LETTER TO IRAN…. It seems one of the bigger political stories of the day is this Washington Times report about previous outreach efforts towards Iran by the Obama administration. Reading the details, though, this isn’t especially shocking.
Prior to this month’s disputed presidential election in Iran, the Obama administration sent a letter to the country’s supreme leader, Ayatollah Ali Khamenei, calling for an improvement in relations, according to interviews and the leader himself. […]
U.S. officials declined to discuss the letter on Tuesday…. An Iranian with knowledge of the overture, however, told The Washington Times that the letter was sent between May 4 and May 10 and laid out the prospect of “cooperation in regional and bilateral relations” and a resolution of the dispute over Iran’s nuclear program.
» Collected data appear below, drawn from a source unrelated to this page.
lemma upper_corner:
  assumes "e > 0"
  obtains b where "b \<in> Omega B1 B2" "fst xb < fst b" "snd xb < snd b" "b \<le> xb + (e, e)"
    "fst (f b) < 0" "snd (f b) < 0"
proof -
  \<comment> \<open>\<open>b\<close> lies just above a point of the nullcline of \<open>snd \<circ> f\<close> where \<open>fst \<circ> f < 0\<close>\<close>
  obtain t y where t: "fst xb < t" "t \<le> fst xb + e / 2" "t < B1"
    and y: "snd xb \<le> y" "y \<le> snd xb + e / 2" "y < B2" "snd (f (t, y)) = 0" "fst (f (t, y)) < 0"
    using snd_nullcline_point_above[OF \<open>e > 0\<close>] by blast
  have p: "(t, y) \<in> Omega B1 B2" using xb_in t y by (auto simp: mem_Omega_iff)
  obtain d where "d > 0" and d: "\<And>q. q \<in> Omega B1 B2 \<Longrightarrow> dist q (t, y) < d \<Longrightarrow> fst (f q) < 0"
    using continuous_on_less_near[OF continuous_on_fst_field p y(5)] by blast
  define \<eta> where "\<eta> = min d (min e (B2 - y)) / 2"
  have \<eta>: "0 < \<eta>" "\<eta> < d" "\<eta> \<le> e / 2" "y + \<eta> < B2"
    using \<open>d > 0\<close> \<open>e > 0\<close> y by (auto simp: \<eta>_def min_def field_simps)
  define b where "b = (t, y + \<eta>)"
  have b: "b \<in> Omega B1 B2" "dist b (t, y) < d" "fst xb < fst b" "snd xb < snd b" "b \<le> xb + (e, e)"
    using p t y \<eta> by (auto simp: b_def mem_Omega_iff dist_Pair_Pair dist_real_def less_eq_prod_def)
  have "snd (f b) < 0" using snd_strict[OF p b(1)] y(4) \<eta> by (auto simp: b_def)
  then show thesis using that b d by blast
qed

lemma lower_corner:
  assumes "e > 0"
  obtains a where "a \<in> Omega B1 B2" "a \<le> xb" "xb \<le> a + (e, e)"
    "fst a < fst xb \<or> fst a = 0" "snd a < snd xb \<or> snd a = 0"
    "0 < fst a \<Longrightarrow> 0 < fst (f a)" "0 < snd a \<Longrightarrow> 0 < snd (f a)"
proof -
  obtain x1 x2 where xb: "xb = (x1, x2)" by fastforce
  have x: "0 \<le> x1" "x1 < B1" "0 \<le> x2" "x2 < B2" using xb_in xb_less by (auto simp: xb mem_Omega_iff)
  consider "x1 = 0" | "0 < x1" "x2 = 0" | "0 < x1" "0 < x2" using x by linarith
  then show thesis
  proof cases
    case 1
    define a where "a = (0::real, max (x2 - e) 0)"
    have a: "a \<in> Omega B1 B2" "a \<le> xb" using x \<open>e > 0\<close> by (auto simp: a_def xb mem_Omega_iff)
    have "0 < snd (f a)" if "0 < snd a"
      using snd_strict[OF a(1) xb_in] that 1 \<open>e > 0\<close> equilibrium by (auto simp: a_def xb)
    then show thesis using a 1 x \<open>e > 0\<close> by (intro that) (auto simp: a_def xb)
  next
    case 2
    define a where "a = (x1 - min e x1 / 2, 0::real)"
    have a: "a \<in> Omega B1 B2" "a \<le> xb" "xb \<le> a + (e, e)" "fst a < x1"
      using x 2 \<open>e > 0\<close> by (auto simp: a_def xb mem_Omega_iff min_def field_simps)
    have "snd (f a) \<le> 0"
      using cooperative_snd[OF a(1) xb_in a(2)] equilibrium by (simp add: a_def xb 2)
    moreover have "0 < fst (f a)"
    proof (rule ccontr)
      assume "\<not> 0 < fst (f a)"
      with \<open>snd (f a) \<le> 0\<close> have "xb \<le> a"
        using comparison[OF xb_in a(1)] equilibrium by (simp add: less_eq_prod_def)
      then show False using a(4) by (simp add: xb less_eq_prod_def)
    qed
    ultimately show thesis using a by (intro that) (auto simp: a_def xb)
  next
    case 3
    \<comment> \<open>\<open>a\<close> lies just below a point of the nullcline of \<open>snd \<circ> f\<close> where \<open>fst \<circ> f > 0\<close>\<close>
    obtain t y where t: "0 < t" "t < x1" "x1 \<le> t + e / 2"
      and y: "0 \<le> y" "y \<le> x2" "x2 \<le> y + e / 2" "snd (f (t, y)) = 0" "0 < fst (f (t, y))"
      using snd_nullcline_point_below[OF \<open>e > 0\<close>] 3 by (auto simp: xb)
    have p: "(t, y) \<in> Omega B1 B2" using x t y by (auto simp: mem_Omega_iff)
    obtain d where "d > 0" and d: "\<And>q. q \<in> Omega B1 B2 \<Longrightarrow> dist q (t, y) < d \<Longrightarrow> 0 < fst (f q)"
      using continuous_on_greater_near[OF continuous_on_fst_field p y(5)] by blast
    define \<eta> where "\<eta> = min d e / 2"
    have \<eta>: "0 < \<eta>" "\<eta> < d" "\<eta> \<le> e / 2" using \<open>d > 0\<close> \<open>e > 0\<close> by (auto simp: \<eta>_def min_def)
    define a where "a = (t, max (y - \<eta>) 0)"
    have a: "a \<in> Omega B1 B2" "a \<le> xb" "xb \<le> a + (e, e)" "dist a (t, y) < d"
      "snd a < snd xb \<or> snd a = 0"
      using x t y \<eta> by (auto simp: a_def xb mem_Omega_iff dist_Pair_Pair dist_real_def)
    have "0 < snd (f a)" if "0 < snd a"
      using snd_strict[OF a(1) p] y(4) that \<eta> by (auto simp: a_def)
    then show thesis using a t d by (intro that) (auto simp: a_def xb)
  qed
qed

lemma equilibrium_stable:
  assumes "\<epsilon> > 0"
  shows "\<exists>\<delta>>0. \<forall>x. is_solution f (Omega B1 B2) x \<and> dist (x 0) xb < \<delta> \<longrightarrow> (\<forall>t\<ge>0. dist (x t) xb < \<epsilon>)"
proof -
  define e where "e = \<epsilon> / 3"
  have "e > 0" using assms by (simp add: e_def)
  obtain b where b: "b \<in> Omega B1 B2" "fst xb < fst b" "snd xb < snd b" "b \<le> xb + (e, e)"
    "fst (f b) < 0" "snd (f b) < 0"
    using upper_corner[OF \<open>e > 0\<close>] by blast
  obtain a where a: "a \<in> Omega B1 B2" "a \<le> xb" "xb \<le> a + (e, e)"
    "fst a < fst xb \<or> fst a = 0" "snd a < snd xb \<or> snd a = 0"
    "0 < fst a \<Longrightarrow> 0 < fst (f a)" "0 < snd a \<Longrightarrow> 0 < snd (f a)"
    using lower_corner[OF \<open>e > 0\<close>] by blast
  \<comment> \<open>a lower face lying on the boundary of \<open>Omega B1 B2\<close> imposes no constraint on \<open>\<delta>\<close>\<close>
  define \<delta> where "\<delta> = min (min (fst b - fst xb) (snd b - snd xb))
    (min (if fst a < fst xb then fst xb - fst a else 1) (if snd a < snd xb then snd xb - snd a else 1))"
  have \<delta>: "0 < \<delta>" "\<delta> \<le> fst b - fst xb" "\<delta> \<le> snd b - snd xb"
    "fst a < fst xb \<Longrightarrow> \<delta> \<le> fst xb - fst a" "snd a < snd xb \<Longrightarrow> \<delta> \<le> snd xb - snd a"
    using b by (auto simp: \<delta>_def)
  have box: "x t \<in> {a..b}" if sol: "is_solution f (Omega B1 B2) x" and x0: "dist (x 0) xb < \<delta>"
    and "0 \<le> t" for x t
  proof (rule order_interval_forward_invariant[OF sol _ \<open>0 \<le> t\<close> a(1) b(1) b(5,6) a(6,7)])
    have "\<bar>fst (x 0) - fst xb\<bar> < \<delta>" "\<bar>snd (x 0) - snd xb\<bar> < \<delta>"
      using dist_fst_le[of "x 0" xb] dist_snd_le[of "x 0" xb] x0 by (auto simp: dist_real_def)
    then show "x 0 \<in> {a..b}"
      using \<delta> a(4,5) is_solution_components(1)[OF sol, of 0] by (auto simp: less_eq_prod_def mem_Omega_iff)
  qed
  have "dist (x t) xb < \<epsilon>" if "is_solution f (Omega B1 B2) x" "dist (x 0) xb < \<delta>" "0 \<le> t" for x t
  proof -
    have "dist (x t) xb \<le> \<bar>fst (x t) - fst xb\<bar> + \<bar>snd (x t) - snd xb\<bar>"
      by (rule dist_le_abs_fst_plus_abs_snd)
    also have "\<dots> \<le> e + e" using box[OF that] a(2,3) b(4) by (auto simp: less_eq_prod_def)
    also have "\<dots> < \<epsilon>" using assms by (simp add: e_def)
    finally show ?thesis .
  qed
  then show ?thesis using \<open>0 < \<delta>\<close> by blast
qed

end

section \<open>The two-route model\<close>

lemma supply_fun_eq_min:
  assumes "0 < C" "C < B" "0 < F"
  shows "supply_fun F B C y = min F (F / (B - C) * (B - y))"
proof (cases "y < C")
  case True
  have "F / (B - C) * (B - C) \<le> F / (B - C) * (B - y)" using assms True by (intro mult_left_mono) auto
  then show ?thesis using assms True by (simp add: supply_fun_def)
next
  case False
  have "F / (B - C) * (B - y) \<le> F / (B - C) * (B - C)" using assms False by (intro mult_left_mono) auto
  then show ?thesis using assms False by (simp add: supply_fun_def min_def)
qed

lemma demand_fun_eq_min:
  assumes "0 < C" "0 < F"
  shows "demand_fun F C y = min (F / C * y) F"
proof (cases "y < C")
  case True
  have "F / C * y \<le> F / C * C" using assms True by (intro mult_left_mono) auto
  then show ?thesis using assms True by (simp add: demand_fun_def min_def)
next
  case False
  have "F / C * C \<le> F / C * y" using assms False by (intro mult_left_mono) auto
  then show ?thesis using assms False by (simp add: demand_fun_def min_def)
qed

locale two_route_model =
  fixes \<phi> B1 C1 F1 B2 C2 F2 :: real and R1 R2 :: "real \<times> real \<Rightarrow> real"
  assumes pos: "0 < \<phi>" "0 < C1" "C1 < B1" "0 < F1" "0 < C2" "C2 < B2" "0 < F2"
    and R_nonneg: "\<And>p. p \<in> Omega B1 B2 \<Longrightarrow> 0 \<le> R1 p" "\<And>p. p \<in> Omega B1 B2 \<Longrightarrow> 0 \<le> R2 p"
    and R_sum: "\<And>p. p \<in> Omega B1 B2 \<Longrightarrow> R1 p + R2 p = 1"
    and R_continuous: "continuous_on (Omega B1 B2) R1" "continuous_on (Omega B1 B2) R2"
    and R1_mono: "\<And>p q. p \<in> Omega B1 B2 \<Longrightarrow> q \<in> Omega B1 B2 \<Longrightarrow> p \<le> q \<Longrightarrow> fst p = fst q \<Longrightarrow> R1 p \<le> R1 q"
    and R2_mono: "\<And>p q. p \<in> Omega B1 B2 \<Longrightarrow> q \<in> Omega B1 B2 \<Longrightarrow> p \<le> q \<Longrightarrow> snd p = snd q \<Longrightarrow> R2 p \<le> R2 q"
begin

abbreviation "field \<equiv> two_route_field \<phi> B1 C1 F1 B2 C2 F2 R1 R2"

lemma R1_antimono: "p \<in> Omega B1 B2 \<Longrightarrow> q \<in> Omega B1 B2 \<Longrightarrow> p \<le> q \<Longrightarrow> snd p = snd q \<Longrightarrow> R1 q \<le> R1 p"
  using R2_mono[of p q] R_sum[of p] R_sum[of q] by linarith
This has caused a stir — predictably, Drudge is all excited — but there’s nothing in the official correspondence that’s especially provocative.
Indeed, it’s not even particularly new. Iran’s regime sent Obama a letter of congratulations last fall, and it’s already been reported elsewhere that the State Department has been crafting a response.
What’s more, this is entirely consistent with what Obama said he’d do if elected — reaching out to a foe to explore possibly improving relations and engaging Iran on a possible nuclear deal.
The White House said it would reach out, we knew officials were working on reaching out, and so now we know the White House did reach out. As revelations go, this hardly sends the heart aflutter.
Some of the overly-excited conservative analysis is that the administration’s letter was predicated on “the expectation that President Ahmadinejad would win a landslide victory.” But there’s no evidence to support this — in fact, it seems backwards. The letter was to Khamenei, the country’s supreme leader, not the Iranian president, and there’s nothing in the reports pointing to any White House assumptions about the Iranian presidential election.
Indeed, the correspondence seems unrelated to the election, which is why it was sent more than a month before Iranian voters headed to the polls, long before any U.S. officials could have expected the unrest that’s shaken Iran so dramatically, and circumventing Ahmadinejad altogether.
I suspect the right will continue to be excited about this; I’m just not sure why.